▸ Input records
(* Let $\mathcal{D}[t]\subset\mathcal{H}\subset\mathcal{D}^\times[t^\times]$ be a rigged Hilbert space with $\mathcal{D}[t]$ complete and reflexive. A sequence $\{\zeta_n\}$ of elements of $\mathcal{D}^\times$ is Bessel-like if and only if $\sum_{k=1}^\infty|\langle\zeta_k,\eta\rangle|^2<\infty$ for every $\eta\in\mathcal{D}$ and the analysis operator $$F:\eta\in\mathcal{D}[t]\mapsto\{\overline{\langle\zeta_k,\eta\rangle}\}\in\ell^2[\|\cdot\|_2]$$ is continuous.
   Context: A rigged Hilbert space $\mathcal{D}[t]\subset\mathcal{H}\subset\mathcal{D}^\times[t^\times]$: $\mathcal{D}$ is a dense subspace of the Hilbert space $\mathcal{H}$ with a locally convex topology $t$ finer than the norm topology, $\mathcal{D}^\times$ is the space of continuous conjugate-linear functionals on $\mathcal{D}[t]$ with the strong dual topology $t^\times=\beta(\mathcal{D}^\times,\mathcal{D})$, $\mathcal{H}\subset\mathcal{D}^\times$, and the duality form $\langle\Phi,\eta\rangle$ (value of $\Phi\in\mathcal{D}^\times$ at $\eta\in\mathcal{D}$) extends the inner product. A sequence $\{\zeta_n\}\subset\mathcal{D}^\times$ is Bessel-like if for every bounded subset $\mathcal{M}$ of $\mathcal{D}[t]$, $\sup_{\eta\in\mathcal{M}}\sum_{k=1}^\infty|\langle\zeta_k,\eta\rangle|^2<\infty$. *)

theory Defs
  imports "HOL-Analysis.Analysis" "HOL-Library.Function_Algebras"
begin

text \<open>A locally convex topology on a (sub)space X is described by a family Q of
  seminorms; the basic neighbourhoods of x are {y in X. p (y - x) < delta for p in S}
  with S a finite subfamily of Q.\<close>

definition seminorm_on :: "'b::ab_group_add set \<Rightarrow> (complex \<Rightarrow> 'b \<Rightarrow> 'b) \<Rightarrow> ('b \<Rightarrow> real) \<Rightarrow> bool" where
  "seminorm_on X sc p \<longleftrightarrow>
     (\<forall>x\<in>X. 0 \<le> p x) \<and>
     (\<forall>x\<in>X. \<forall>c. p (sc c x) = cmod c * p x) \<and>
     (\<forall>x\<in>X. \<forall>y\<in>X. p (x + y) \<le> p x + p y)"

definition lcs_open :: "'b::ab_group_add set \<Rightarrow> ('b \<Rightarrow> real) set \<Rightarrow> 'b set \<Rightarrow> bool" where
  "lcs_open X Q U \<longleftrightarrow> U \<subseteq> X \<and>
     (\<forall>x\<in>U. \<exists>S \<delta>. finite S \<and> S \<subseteq> Q \<and> 0 < \<delta> \<and> {y\<in>X. \<forall>p\<in>S. p (y - x) < \<delta>} \<subseteq> U)"

definition lcs_bounded :: "'b::ab_group_add set \<Rightarrow> ('b \<Rightarrow> real) set \<Rightarrow> 'b set \<Rightarrow> bool" where
  "lcs_bounded X Q M \<longleftrightarrow> M \<subseteq> X \<and> (\<forall>p\<in>Q. bdd_above (p ` M))"

definition lcs_continuous_into ::
  "'b::ab_group_add set \<Rightarrow> ('b \<Rightarrow> real) set \<Rightarrow> ('c \<Rightarrow> 'c \<Rightarrow> real) \<Rightarrow> ('b \<Rightarrow> 'c) \<Rightarrow> bool" where
  "lcs_continuous_into X Q d g \<longleftrightarrow>
     (\<forall>x\<in>X. \<forall>\<epsilon>>0. \<exists>S \<delta>. finite S \<and> S \<subseteq> Q \<and> 0 < \<delta> \<and>
        (\<forall>y\<in>X. (\<forall>p\<in>S. p (y - x) < \<delta>) \<longrightarrow> d (g y) (g x) < \<epsilon>))"

definition lcs_complete :: "'b::ab_group_add set \<Rightarrow> ('b \<Rightarrow> real) set \<Rightarrow> bool" where
  "lcs_complete X Q \<longleftrightarrow>
     (\<forall>F. F \<noteq> bot \<and> eventually (\<lambda>x. x \<in> X) F \<and>
          (\<forall>p\<in>Q. \<forall>e>0. \<exists>A. eventually (\<lambda>x. x \<in> A) F \<and> (\<forall>x\<in>A. \<forall>y\<in>A. p (x - y) < e))
        \<longrightarrow> (\<exists>x\<in>X. \<forall>p\<in>Q. \<forall>e>0. eventually (\<lambda>y. p (y - x) < e) F))"

definition sup_over :: "'b set \<Rightarrow> ('b \<Rightarrow> real) \<Rightarrow> real" where
  "sup_over M g = Sup (insert 0 (g ` M))"

definition conj_linear_on :: "(complex \<Rightarrow> 'a \<Rightarrow> 'a) \<Rightarrow> 'a::ab_group_add set \<Rightarrow> ('a \<Rightarrow> complex) \<Rightarrow> bool" where
  "conj_linear_on sc D f \<longleftrightarrow>
     (\<forall>x\<in>D. \<forall>y\<in>D. f (x + y) = f x + f y) \<and> (\<forall>x\<in>D. \<forall>c. f (sc c x) = cnj c * f x)"

text \<open>The space D^x of continuous conjugate-linear functionals on D[t]
  (represented as functions vanishing outside D).\<close>
definition lcs_dual :: "(complex \<Rightarrow> 'a \<Rightarrow> 'a) \<Rightarrow> 'a::ab_group_add set \<Rightarrow> ('a \<Rightarrow> real) set \<Rightarrow> ('a \<Rightarrow> complex) set" where
  "lcs_dual sc D P = {f. conj_linear_on sc D f \<and> lcs_continuous_into D P dist f \<and> (\<forall>x. x \<notin> D \<longrightarrow> f x = 0)}"

text \<open>Seminorms of the strong dual topology beta(D^x, D): sup over bounded subsets of D.\<close>
definition strong_seminorms :: "'a::ab_group_add set \<Rightarrow> ('a \<Rightarrow> real) set \<Rightarrow> (('a \<Rightarrow> complex) \<Rightarrow> real) set" where
  "strong_seminorms D P = {(\<lambda>f. sup_over M (\<lambda>x. cmod (f x))) | M. lcs_bounded D P M}"

definition lcs_bidual :: "(complex \<Rightarrow> 'a \<Rightarrow> 'a) \<Rightarrow> 'a::ab_group_add set \<Rightarrow> ('a \<Rightarrow> real) set \<Rightarrow> (('a \<Rightarrow> complex) \<Rightarrow> complex) set" where
  "lcs_bidual sc D P = {\<Phi>.
     (\<forall>f\<in>lcs_dual sc D P. \<forall>g\<in>lcs_dual sc D P. \<Phi> (f + g) = \<Phi> f + \<Phi> g) \<and>
     (\<forall>f\<in>lcs_dual sc D P. \<forall>c. \<Phi> (\<lambda>x. c * f x) = cnj c * \<Phi> f) \<and>
     lcs_continuous_into (lcs_dual sc D P) (strong_seminorms D P) dist \<Phi>}"

text \<open>Seminorms on D of the topology induced by the canonical embedding into the
  strong bidual beta(D^xx, D^x): sup over strongly bounded subsets of D^x.\<close>
definition bidual_seminorms :: "(complex \<Rightarrow> 'a \<Rightarrow> 'a) \<Rightarrow> 'a::ab_group_add set \<Rightarrow> ('a \<Rightarrow> real) set \<Rightarrow> ('a \<Rightarrow> real) set" where
  "bidual_seminorms sc D P = {(\<lambda>x. sup_over B (\<lambda>f. cmod (f x))) | B.
      lcs_bounded (lcs_dual sc D P) (strong_seminorms D P) B}"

▸ Assigned task
The full listing above should be reproduced exactly.

▸ Solution below
(* Let $\mathcal{D}[t]\subset\mathcal{H}\subset\mathcal{D}^\times[t^\times]$ be a rigged Hilbert space with $\mathcal{D}[t]$ complete and reflexive. A sequence $\{\zeta_n\}$ of elements of $\mathcal{D}^\times$ is Bessel-like if and only if $\sum_{k=1}^\infty|\langle\zeta_k,\eta\rangle|^2<\infty$ for every $\eta\in\mathcal{D}$ and the analysis operator $$F:\eta\in\mathcal{D}[t]\mapsto\{\overline{\langle\zeta_k,\eta\rangle}\}\in\ell^2[\|\cdot\|_2]$$ is continuous.
   Context: A rigged Hilbert space $\mathcal{D}[t]\subset\mathcal{H}\subset\mathcal{D}^\times[t^\times]$: $\mathcal{D}$ is a dense subspace of the Hilbert space $\mathcal{H}$ with a locally convex topology $t$ finer than the norm topology, $\mathcal{D}^\times$ is the space of continuous conjugate-linear functionals on $\mathcal{D}[t]$ with the strong dual topology $t^\times=\beta(\mathcal{D}^\times,\mathcal{D})$, $\mathcal{H}\subset\mathcal{D}^\times$, and the duality form $\langle\Phi,\eta\rangle$ (value of $\Phi\in\mathcal{D}^\times$ at $\eta\in\mathcal{D}$) extends the inner product. A sequence $\{\zeta_n\}\subset\mathcal{D}^\times$ is Bessel-like if for every bounded subset $\mathcal{M}$ of $\mathcal{D}[t]$, $\sup_{\eta\in\mathcal{M}}\sum_{k=1}^\infty|\langle\zeta_k,\eta\rangle|^2<\infty$. *)

theory Defs
  imports "HOL-Analysis.Analysis" "HOL-Library.Function_Algebras"
begin

text \<open>A locally convex topology on a (sub)space X is described by a family Q of
  seminorms; the basic neighbourhoods of x are {y in X. p (y - x) < delta for p in S}
  with S a finite subfamily of Q.\<close>

definition seminorm_on :: "'b::ab_group_add set \<Rightarrow> (complex \<Rightarrow> 'b \<Rightarrow> 'b) \<Rightarrow> ('b \<Rightarrow> real) \<Rightarrow> bool" where
  "seminorm_on X sc p \<longleftrightarrow>
     (\<forall>x\<in>X. 0 \<le> p x) \<and>
     (\<forall>x\<in>X. \<forall>c. p (sc c x) = cmod c * p x) \<and>
     (\<forall>x\<in>X. \<forall>y\<in>X. p (x + y) \<le> p x + p y)"

definition lcs_open :: "'b::ab_group_add set \<Rightarrow> ('b \<Rightarrow> real) set \<Rightarrow> 'b set \<Rightarrow> bool" where
  "lcs_open X Q U \<longleftrightarrow> U \<subseteq> X \<and>
     (\<forall>x\<in>U. \<exists>S \<delta>. finite S \<and> S \<subseteq> Q \<and> 0 < \<delta> \<and> {y\<in>X. \<forall>p\<in>S. p (y - x) < \<delta>} \<subseteq> U)"

definition lcs_bounded :: "'b::ab_group_add set \<Rightarrow> ('b \<Rightarrow> real) set \<Rightarrow> 'b set \<Rightarrow> bool" where
  "lcs_bounded X Q M \<longleftrightarrow> M \<subseteq> X \<and> (\<forall>p\<in>Q. bdd_above (p ` M))"

definition lcs_continuous_into ::
  "'b::ab_group_add set \<Rightarrow> ('b \<Rightarrow> real) set \<Rightarrow> ('c \<Rightarrow> 'c \<Rightarrow> real) \<Rightarrow> ('b \<Rightarrow> 'c) \<Rightarrow> bool" where
  "lcs_continuous_into X Q d g \<longleftrightarrow>
     (\<forall>x\<in>X. \<forall>\<epsilon>>0. \<exists>S \<delta>. finite S \<and> S \<subseteq> Q \<and> 0 < \<delta> \<and>
        (\<forall>y\<in>X. (\<forall>p\<in>S. p (y - x) < \<delta>) \<longrightarrow> d (g y) (g x) < \<epsilon>))"

definition lcs_complete :: "'b::ab_group_add set \<Rightarrow> ('b \<Rightarrow> real) set \<Rightarrow> bool" where
  "lcs_complete X Q \<longleftrightarrow>
     (\<forall>F. F \<noteq> bot \<and> eventually (\<lambda>x. x \<in> X) F \<and>
          (\<forall>p\<in>Q. \<forall>e>0. \<exists>A. eventually (\<lambda>x. x \<in> A) F \<and> (\<forall>x\<in>A. \<forall>y\<in>A. p (x - y) < e))
        \<longrightarrow> (\<exists>x\<in>X. \<forall>p\<in>Q. \<forall>e>0. eventually (\<lambda>y. p (y - x) < e) F))"

definition sup_over :: "'b set \<Rightarrow> ('b \<Rightarrow> real) \<Rightarrow> real" where
  "sup_over M g = Sup (insert 0 (g ` M))"

definition conj_linear_on :: "(complex \<Rightarrow> 'a \<Rightarrow> 'a) \<Rightarrow> 'a::ab_group_add set \<Rightarrow> ('a \<Rightarrow> complex) \<Rightarrow> bool" where
  "conj_linear_on sc D f \<longleftrightarrow>
     (\<forall>x\<in>D. \<forall>y\<in>D. f (x + y) = f x + f y) \<and> (\<forall>x\<in>D. \<forall>c. f (sc c x) = cnj c * f x)"

text \<open>The space D^x of continuous conjugate-linear functionals on D[t]
  (represented as functions vanishing outside D).\<close>
definition lcs_dual :: "(complex \<Rightarrow> 'a \<Rightarrow> 'a) \<Rightarrow> 'a::ab_group_add set \<Rightarrow> ('a \<Rightarrow> real) set \<Rightarrow> ('a \<Rightarrow> complex) set" where
  "lcs_dual sc D P = {f. conj_linear_on sc D f \<and> lcs_continuous_into D P dist f \<and> (\<forall>x. x \<notin> D \<longrightarrow> f x = 0)}"

text \<open>Seminorms of the strong dual topology beta(D^x, D): sup over bounded subsets of D.\<close>
definition strong_seminorms :: "'a::ab_group_add set \<Rightarrow> ('a \<Rightarrow> real) set \<Rightarrow> (('a \<Rightarrow> complex) \<Rightarrow> real) set" where
  "strong_seminorms D P = {(\<lambda>f. sup_over M (\<lambda>x. cmod (f x))) | M. lcs_bounded D P M}"

definition lcs_bidual :: "(complex \<Rightarrow> 'a \<Rightarrow> 'a) \<Rightarrow> 'a::ab_group_add set \<Rightarrow> ('a \<Rightarrow> real) set \<Rightarrow> (('a \<Rightarrow> complex) \<Rightarrow> complex) set" where
  "lcs_bidual sc D P = {\<Phi>.
     (\<forall>f\<in>lcs_dual sc D P. \<forall>g\<in>lcs_dual sc D P. \<Phi> (f + g) = \<Phi> f + \<Phi> g) \<and>
     (\<forall>f\<in>lcs_dual sc D P. \<forall>c. \<Phi> (\<lambda>x. c * f x) = cnj c * \<Phi> f) \<and>
     lcs_continuous_into (lcs_dual sc D P) (strong_seminorms D P) dist \<Phi>}"

text \<open>Seminorms on D of the topology induced by the canonical embedding into the
  strong bidual beta(D^xx, D^x): sup over strongly bounded subsets of D^x.\<close>
definition bidual_seminorms :: "(complex \<Rightarrow> 'a \<Rightarrow> 'a) \<Rightarrow> 'a::ab_group_add set \<Rightarrow> ('a \<Rightarrow> real) set \<Rightarrow> ('a \<Rightarrow> real) set" where
  "bidual_seminorms sc D P = {(\<lambda>x. sup_over B (\<lambda>f. cmod (f x))) | B.
      lcs_bounded (lcs_dual sc D P) (strong_seminorms D P) B}"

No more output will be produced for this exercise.